U.S. Bank Executives and Hospital CEOs: Corporatizing Our Healthcare
Minnesota-based multinational U.S. Bank is the fifth largest banking institution in the United States. U.S. Bank has direct ties to healthcare in Minnesota as a lender and “master trustee” for hospitals, and several of their top executives serve on the Boards of Directors of Minnesota hospital systems.
U.S. Bank leadership are spreading their profit-first approach to Minnesota healthcare.
Timothy Welsh, U.S. Bank Vice Chair of Consumer and Business Banking, sits on Allina’s Board of Directors. Jodi Richard, U.S. Bank Vice Chair and Chief Risk Officer, sits on M Health Fairview’s Board of Directors. Jeff von Gillern, U.S. Bank Vice Chair, Technology and Operations Services, sits on the Children’s Minnesota Board of Directors.
Banking executives don’t share the same priorities as Minnesota’s patients and healthcare workers—so why are they on hospital boards?

Timothy Welsh
Allina Board of Directors

Jodi Richard
Fairview Board of Directors

Jeff von Gillern
Children’s Board of Directors
The silence of these bank executives on the failed leadership of hospital CEOs during negotiations with Minnesota nurses suggests the priorities they bring to the boardroom have more to do with profit than patient care. Rather than bargain a fair contract with nurses, these executives sat by as hospital CEOs paid millions of dollars to temporarily replace nurses at hospitals in September — Fairview alone spent $20 million.
Failed Leadership
Perhaps U.S. Bank executives have been distracted by their own recent bad news. As of October 20, U.S. Bancorp stock was down 36 percent from the previous year. Recently released reports reveal:
- Net income declined nearly 10.7 percent
- Diluted earnings per share declined by 10.8 percent
Since 2000, U.S. Bank, its subsidiaries, and predecessors racked up nearly $1.3 billion in regulatory fines.
Now these executives are sitting by as the hospital CEOs working under them continue to fail as leaders in healthcare by prioritizing profits over patients.

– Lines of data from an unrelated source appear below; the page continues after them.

lemma last_nested_zigzag:
  assumes "odd (length \<sigma>)"
  shows "last (nested_zigzag x y z d1 d2 d3 \<sigma>) =
     insert_at (if d3 then Suc (Suc (length \<sigma>)) else 0) z
       (insert_at (if d2 then Suc (length \<sigma>) else 0) y
         (insert_at (if d1 then 0 else length \<sigma>) x \<sigma>))"
proof -
  let ?G1 = "zigzag 0 d1 x [\<sigma>]" and ?G2 = "zigzag 0 d2 y (zigzag 0 d1 x [\<sigma>])"
  have l1: "\<forall>g\<in>set ?G1. length g = Suc (length \<sigma>)"
    by (auto elim: in_set_zigzagE)
  then have l2: "\<forall>g\<in>set ?G2. length g = Suc (Suc (length \<sigma>))"
    using length_in_set_zigzag[OF l1] by blast
  have "?G1 \<noteq> []" "length ?G1 = Suc (length \<sigma>)" "last ?G1 = insert_at (if d1 then 0 else length \<sigma>) x \<sigma>"
    by (simp_all add: last_map_sweep)
  then have "?G2 \<noteq> []" "length ?G2 = Suc (length \<sigma>) * Suc (Suc (length \<sigma>))"
    "last ?G2 = insert_at (if d2 then Suc (length \<sigma>) else 0) y (last ?G1)"
    using last_zigzag[of ?G1 0 d2 y] length_zigzag[OF l1, of 0 d2 y] assms
    by (simp_all add: zigzag_0_ne del: zigzag.simps)
  then show ?thesis
    unfolding nested_zigzag_def using last_zigzag[of ?G2 0 d3 z] l2 assms \<open>last ?G1 = _\<close>
    by (simp del: zigzag.simps)
qed

lemma hd_twisted_zigzag:
  "hd (twisted_zigzag x y z d \<sigma>) = insert_at (if d then Suc (Suc (length \<sigma>)) else 0) z (\<sigma> @ [x, y])"
proof -
  have "twisted_pairs x y \<sigma> \<noteq> []"
    using length_twisted_pairs[of x y \<sigma>] by auto
  then show ?thesis
    unfolding twisted_zigzag_def using hd_zigzag[of "twisted_pairs x y \<sigma>" 0 d z]
    by (simp add: hd_twisted_pairs)
qed

lemma last_twisted_zigzag:
  assumes "odd (length \<sigma>)"
  shows "last (twisted_zigzag x y z d \<sigma>) = insert_at (if d then Suc (Suc (length \<sigma>)) else 0) z (\<sigma> @ [y, x])"
proof -
  have "twisted_pairs x y \<sigma> \<noteq> []"
    using length_twisted_pairs[of x y \<sigma>] by auto
  then show ?thesis
    unfolding twisted_zigzag_def using last_zigzag[of "twisted_pairs x y \<sigma>" 0 d z] assms
    by (simp add: last_twisted_pairs length_twisted_pairs)
qed

section \<open>Blocks\<close>

definition pattern_path :: "nat \<Rightarrow> nat list \<Rightarrow> nat list list \<Rightarrow> bool" where
  "pattern_path m \<sigma> Q \<longleftrightarrow>
     length Q = (m + 1) * (m + 2) * (m + 3) \<and> distinct Q \<and> successively adj_transp Q \<and>
     (\<forall>w\<in>set Q. is_perm_word (m + 3) w \<and> filter (\<lambda>k. k \<le> m) w = \<sigma>)"

lemma pattern_path_rev: "pattern_path m \<sigma> Q \<Longrightarrow> pattern_path m \<sigma> (rev Q)"
  unfolding pattern_path_def by (auto intro: successively_mono adj_transp_sym)

lemma pattern_path_nonempty: "pattern_path m \<sigma> Q \<Longrightarrow> Q \<noteq> []"
  unfolding pattern_path_def by auto

lemma length_perm_word: "is_perm_word m \<sigma> \<Longrightarrow> length \<sigma> = m"
  unfolding is_perm_word_def by (metis card_atLeastAtMost diff_Suc_1 distinct_card)

lemma new_symbols:
  assumes "is_perm_word m \<sigma>" "distinct [x, y, z]" "{x, y, z} = {m + 1, m + 2, m + 3}"
  shows "m < x" "m < y" "m < z" "distinct (x # y # z # \<sigma>)"
proof -
  have "x \<in> {m + 1, m + 2, m + 3}" "y \<in> {m + 1, m + 2, m + 3}" "z \<in> {m + 1, m + 2, m + 3}"
    using assms(3) by blast+
  then show "m < x" "m < y" "m < z"
    by auto
  then show "distinct (x # y # z # \<sigma>)"
    using assms(1,2) unfolding is_perm_word_def by auto
qed

lemma insertions3_perm_word:
  assumes "is_perm_word m \<sigma>" "distinct [x, y, z]" "{x, y, z} = {m + 1, m + 2, m + 3}"
    and "w \<in> insertions3 x y z \<sigma>"
  shows "is_perm_word (m + 3) w \<and> filter (\<lambda>k. k \<le> m) w = \<sigma>"
proof -
  note new = new_symbols[OF assms(1-3)]
  have "{1..m + 3} = {1..m} \<union> {m + 1, m + 2, m + 3}"
    by auto
  then show ?thesis
    using assms new unfolding insertions3_def is_perm_word_def
    by (auto simp: filter_id_conv)
qed

lemma pattern_path_nested_zigzag:
  assumes "is_perm_word m \<sigma>" "distinct [x, y, z]" "{x, y, z} = {m + 1, m + 2, m + 3}"
  shows "pattern_path m \<sigma> (nested_zigzag x y z d1 d2 d3 \<sigma>)"
proof -
  have "length (nested_zigzag x y z d1 d2 d3 \<sigma>) = (m + 1) * (m + 2) * (m + 3)"
    using length_nested_zigzag[of x y z d1 d2 d3 \<sigma>] length_perm_word[OF assms(1)]
    by (simp add: numeral_eq_Suc)
  moreover have "\<forall>w\<in>set (nested_zigzag x y z d1 d2 d3 \<sigma>). is_perm_word (m + 3) w \<and> filter (\<lambda>k. k \<le> m) w = \<sigma>"
    using insertions3_perm_word[OF assms] nested_zigzag_subset[of x y z d1 d2 d3 \<sigma>] by blast
  ultimately show ?thesis
    unfolding pattern_path_def
    using distinct_nested_zigzag[OF new_symbols(4)[OF assms]] successively_nested_zigzag by blast
qed

lemma pattern_path_twisted_zigzag:
  assumes "is_perm_word m \<sigma>" "odd m" "distinct [x, y, z]" "{x, y, z} = {m + 1, m + 2, m + 3}"
  shows "pattern_path m \<sigma> (twisted_zigzag x y z d \<sigma>)"
proof -
  have "length (twisted_zigzag x y z d \<sigma>) = (m + 1) * (m + 2) * (m + 3)"
    using length_twisted_zigzag[of x y z d \<sigma>] length_perm_word[OF assms(1)]
    by (simp add: numeral_eq_Suc)
  moreover have "\<forall>w\<in>set (twisted_zigzag x y z d \<sigma>). is_perm_word (m + 3) w \<and> filter (\<lambda>k. k \<le> m) w = \<sigma>"
    using insertions3_perm_word[OF assms(1,3,4)] twisted_zigzag_subset[of x y z d \<sigma>] by blast
  moreover have "successively adj_transp (twisted_zigzag x y z d \<sigma>)"
    using successively_twisted_zigzag length_perm_word[OF assms(1)] assms(2) by simp
  ultimately show ?thesis
    unfolding pattern_path_def
    using distinct_twisted_zigzag[OF new_symbols(4)[OF assms(1,3,4)]] by blast
qed

text \<open>Block \<open>j\<close> ends, and block \<open>j + 1\<close> starts, with the three new symbols placed around the
  pattern as prescribed by \<open>junction m j\<close>; hence an adjacent transposition between two consecutive
  patterns links the two blocks.\<close>

definition block :: "nat \<Rightarrow> nat \<Rightarrow> nat list \<Rightarrow> nat list list" where
  "block m j \<sigma> = (let a = m + 1; b = m + 2; c = m + 3 in
     if j = 0 then nested_zigzag a b c True True True \<sigma>
     else if j = 1 then twisted_zigzag b c a False \<sigma>
     else if j = 2 then rev (nested_zigzag a c b True True True \<sigma>)
     else if j = 3 then twisted_zigzag a c b True \<sigma>
     else if j = 4 then nested_zigzag c a b True True True \<sigma>
     else if j = 5 then twisted_zigzag a b c False \<sigma>
     else if j = 6 then nested_zigzag b a c True True False \<sigma>
     else if odd j then nested_zigzag a b c True False False \<sigma>
     else rev (nested_zigzag a b c True False False \<sigma>))"

definition junction :: "nat \<Rightarrow> nat \<Rightarrow> nat list \<times> nat list" where
  "junction m j = (let a = m + 1; b = m + 2; c = m + 3 in
     if j = 0 then ([a], [b, c])
     else if j = 1 then ([a], [c, b])
     else if j = 2 then ([], [a, c, b])
     else if j = 3 then ([], [c, a, b])
     else if j = 4 then ([c], [a, b])
     else if j = 5 then ([c], [b, a])
     else if j = 6 then ([c, b], [a])
     else if odd j then ([c, b, a], [])
     else ([c, b], [a]))"

lemma pattern_path_block:
  assumes "is_perm_word m \<sigma>" "odd m"
  shows "pattern_path m \<sigma> (block m j \<sigma>)"
proof -
  note nested = pattern_path_nested_zigzag[OF assms(1)]
    and twisted = pattern_path_twisted_zigzag[OF assms]
  show ?thesis
    unfolding block_def Let_def
    by (auto intro!: nested twisted pattern_path_rev)
qed

lemma hd_block_0: "length \<sigma> = m \<Longrightarrow> hd (block m 0 \<sigma>) = \<sigma> @ [m + 1, m + 2, m + 3]"
  unfolding block_def by (simp add: hd_nested_zigzag insert_at_length)

lemma last_block:
  assumes "length \<sigma> = m" "odd m"
  shows "last (block m j \<sigma>) = fst (junction m j) @ \<sigma> @ snd (junction m j)"
  unfolding block_def junction_def Let_def
  using assms by (simp add: last_nested_zigzag hd_nested_zigzag last_twisted_zigzag last_rev insert_at_length)

lemma hd_block_Suc:
  assumes "length \<sigma> = m" "odd m"
  shows "hd (block m (Suc j) \<sigma>) = fst (junction m j) @ \<sigma> @ snd (junction m j)"
  unfolding block_def junction_def Let_def
  using assms by (simp add: last_nested_zigzag hd_nested_zigzag hd_twisted_zigzag hd_rev insert_at_length)

lemma adj_transp_block_junction:
  assumes "length \<sigma> = m" "odd m" "adj_transp \<sigma> \<sigma>'"
  shows "adj_transp (last (block m j \<sigma>)) (hd (block m (Suc j) \<sigma>'))"
  using last_block[OF assms(1,2)] hd_block_Suc[of \<sigma>' m j] adj_transp_length[OF assms(3)] assms
    adj_transp_append
  by simp

lemma nested_zigzag_suffix:
  assumes "odd (length \<sigma>)"
  obtains pre where "nested_zigzag x y z True False False \<sigma> =
    pre @ map (\<lambda>p. insert_at p z (y # x # \<sigma>)) (sweep (length \<sigma> + 3) True)"
proof -
  let ?G1 = "zigzag 0 True x [\<sigma>]"
  let ?G2 = "zigzag 0 False y ?G1"
  have l1: "\<forall>g\<in>set ?G1. length g = Suc (length \<sigma>)"
    by (auto elim: in_set_zigzagE)
  have "length ?G2 = Suc (length \<sigma>) * Suc (Suc (length \<sigma>))"
    unfolding length_zigzag[OF l1] by simp
  then have G2: "?G2 \<noteq> []" "odd (length (butlast ?G2))"
    using assms by (auto simp del: zigzag.simps)
  \<comment> \<open>\<open>?G2\<close> has even length and ends with \<open>y # x # \<sigma>\<close>, which \<open>z\<close> therefore sweeps from right to left\<close>
  have "last ?G2 = y # x # \<sigma>"
    using last_zigzag[of ?G1 0 False y] assms by (simp add: last_map_sweep)
  moreover have "nested_zigzag x y z True False False \<sigma> =
      zigzag 0 False z (butlast ?G2) @ zigzag 0 True z [last ?G2]"
    unfolding nested_zigzag_def
    by (subst append_butlast_last_id[OF G2(1), symmetric]) (use G2(2) in \<open>simp only: zigzag_append if_False not_False_eq_True\<close>)
  moreover have "zigzag 0 True z [y # x # \<sigma>] = map (\<lambda>p. insert_at p z (y # x # \<sigma>)) (sweep (length \<sigma> + 3) True)"
    by (simp add: numeral_eq_Suc)
  ultimately show ?thesis
    using that by (simp del: zigzag.simps)
qed

lemma perm_word_in_set:
  assumes "distinct L" "length L = fact m" "\<forall>w\<in>set L. is_perm_word m w" "is_perm_word m w"
  shows "w \<in> set L"
proof -
  have perms: "{w. is_perm_word m w} = permutations_of_set {1..m}"
    by (auto simp: is_perm_word_def permutations_of_set_def)
  have "card (set L) = card (permutations_of_set {1..m})"
    using assms(1,2) by (simp add: distinct_card)
  then have "set L = permutations_of_set {1..m}"
    using assms(3) perms by (intro card_subset_eq) auto
  then show ?thesis
    using assms(4) perms by blast
qed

U.S. Bank executives are part of the problem
U.S. Bank executives who serve on the boards of major hospitals have failed to publicly intervene to hold hospital CEOs responsible to the public interest. These and other hospital CEOs are failing as leaders, abandoning nurses and patients at the bedside.
Every day these CEOs choose to under-staff nurses, leaving patients to wait longer for a hospital bed or with their call lights on, as nurses are stretched thin trying to help patients use the restroom, turn over in bed, or with medications. Their failure to approve a fair contract forced nurses to take to the picket line in September, meaning patients received care from replacement workers who do not know our local hospitals and our patients like Minnesota nurses do.
As Angela Bechetti, RN at Allina’s Abbott Northwestern Hospital told WCCO-TV during the strike, the replacement nurses hired by her CEO “don’t know our policies [or] our protocols… They don’t know where stuff is, how does our unit work, how do our patients work and you can’t learn that in a couple days of training and that’s an issue for us.”
James Hereford, CEO, M Health Fairview
Under the watch of the U.S. Bank-backed Board of Directors, Hereford has taken a successful healthcare system and turned it into a cash-tree for himself and other executives at the expense of patients and bedside workers. Since 2017, Hereford has taken a 91 percent raise, bringing his total compensation to more than $2.6 million. All of this was happening while he simultaneously shut down Bethesda and St. Joseph’s hospitals during the pandemic and admitted to an affordability crisis in healthcare. Additionally, he has helped bring for-profit healthcare companies to Minnesota through joint ventures with AccentCare and Acadia Healthcare, clear moves towards a profit-first approach to healthcare.
Lisa Shannon, CEO, Allina Health
Tim Welsh of U.S. Bank sits on the Allina Health Board of Directors which hired Lisa Shannon as CEO of the health system, looking past her record at University of Louisville Hospital where state inspectors identified deficiencies in nursing services under her watch in 2016. Healthcare workers, including doctors, criticized hospital executives at the University of Louisville Hospital for instituting layoffs and cuts, which they said forced the hospital to rely on travel nurses unfamiliar with procedures. Now, with less than a year on the job at Allina, Shannon is now being criticized yet again for failing to put patients before profits and to settle a fair contract with nurses.
Marc Gorelick, MD, CEO, Children's Minnesota
While Jeff von Gillern served on the Children’s Minnesota Board of Directors, health system CEO Marc Gorelick moved to “consolidate” the Pediatric Intensive Care Units (PICU) at their Minneapolis and St. Paul campuses, moving all children needing ICU care to the Minneapolis campus. This change means that Children admitted to the St. Paul emergency department who may then require ICU-level care would have to be transported to Minneapolis. These delays in care can increase the chances of poor outcomes for patients.